##### Information given #####
(*
  The kernel g is a rescaled C^3 bump, hence bounded and Lipschitz on [-1,1]. By Cauchy-Schwarz
  |r1 \<star> g (z) - r2 \<star> g (z)| \<le> sup g * \<omega>^(-1/2) * ||r1 - r2||_2 and
  |r \<star> g (z1) - r \<star> g (z2)| \<le> Lip g * \<omega>^(-1/2) * ||r||_2 * |z1 - z2|, where ||r||_2 \<le> 1/a on A_2(a);
  and g \<ge> 0 with 1 \<star> g = 1 gives a \<le> r \<star> g, while the first estimate with r2 = 0 bounds r \<star> g
  by some M. So (r, z) \<mapsto> (r \<star> g (z), z) is Lipschitz into the compact set [a, M] \<times> S^(n-1),
  on which the locally Lipschitz \<alpha> is Lipschitz and bounded by M; multiplying by the unit
  vector z keeps the map Lipschitz.
*)

section \<open>Averages on a finite measure space\<close>

lemma (in finite_measure) integral_abs_le_sqrt_measure_mult:
  fixes f :: "'a \<Rightarrow> real"
  assumes f: "integrable M f" and f2: "integrable M (\<lambda>x. (f x)\<^sup>2)"
  shows "(\<integral>x. \<bar>f x\<bar> \<partial>M) \<le> sqrt (measure M (space M)) * sqrt (\<integral>x. (f x)\<^sup>2 \<partial>M)"
proof -
  define w where "w = measure M (space M)"
  define c where "c = (\<integral>x. \<bar>f x\<bar> \<partial>M)"
  define q where "q = (\<integral>x. (f x)\<^sup>2 \<partial>M)"
  \<comment> \<open>Cauchy-Schwarz against the constant 1, via the nonnegative integral of (w |f| - c)^2.\<close>
  have "(\<lambda>x. (w * \<bar>f x\<bar> - c)\<^sup>2) = (\<lambda>x. w\<^sup>2 * (f x)\<^sup>2 - (2 * w * c) * \<bar>f x\<bar> + c\<^sup>2)"
    by (auto simp: power2_eq_square algebra_simps)
  then have "(\<integral>x. (w * \<bar>f x\<bar> - c)\<^sup>2 \<partial>M) = w\<^sup>2 * q - (2 * w * c) * c + w * c\<^sup>2"
    using f f2 by (simp add: w_def c_def q_def)
  also have "\<dots> = w * (w * q - c\<^sup>2)"
    by (simp add: power2_eq_square algebra_simps)
  finally have "(\<integral>x. (w * \<bar>f x\<bar> - c)\<^sup>2 \<partial>M) = w * (w * q - c\<^sup>2)" .
  moreover have "0 \<le> (\<integral>x. (w * \<bar>f x\<bar> - c)\<^sup>2 \<partial>M)"
    by simp
  ultimately have "c\<^sup>2 \<le> w * q \<or> w = 0"
    using measure_nonneg[of M "space M"] by (auto simp: zero_le_mult_iff w_def)
  moreover have "c = 0" if "w = 0"
  proof -
    have "space M \<in> null_sets M"
      using that emeasure_eq_measure[of "space M"] by (simp add: w_def null_sets_def)
    then have "AE x in M. \<bar>f x\<bar> = 0"
      by (rule AE_I') auto
    from integral_eq_zero_AE[OF this] show ?thesis
      by (simp add: c_def)
  qed
  ultimately have "c\<^sup>2 \<le> w * q"
    by auto
  then have "sqrt (c\<^sup>2) \<le> sqrt (w * q)"
    by (rule real_sqrt_le_mono)
  moreover have "c \<ge> 0"
    unfolding c_def by simp
  ultimately show ?thesis
    unfolding c_def w_def q_def by (simp only: real_sqrt_mult real_sqrt_abs abs_of_nonneg)
qed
#####
- [Work request]
Exactly the lines from the one that holds "ultimately show ?thesis" through the final line of the records above should be written out, and only those.

- [Response for this exercise]
  ultimately show ?thesis
    unfolding c_def w_def q_def by (simp only: real_sqrt_mult real_sqrt_abs abs_of_nonneg)
qed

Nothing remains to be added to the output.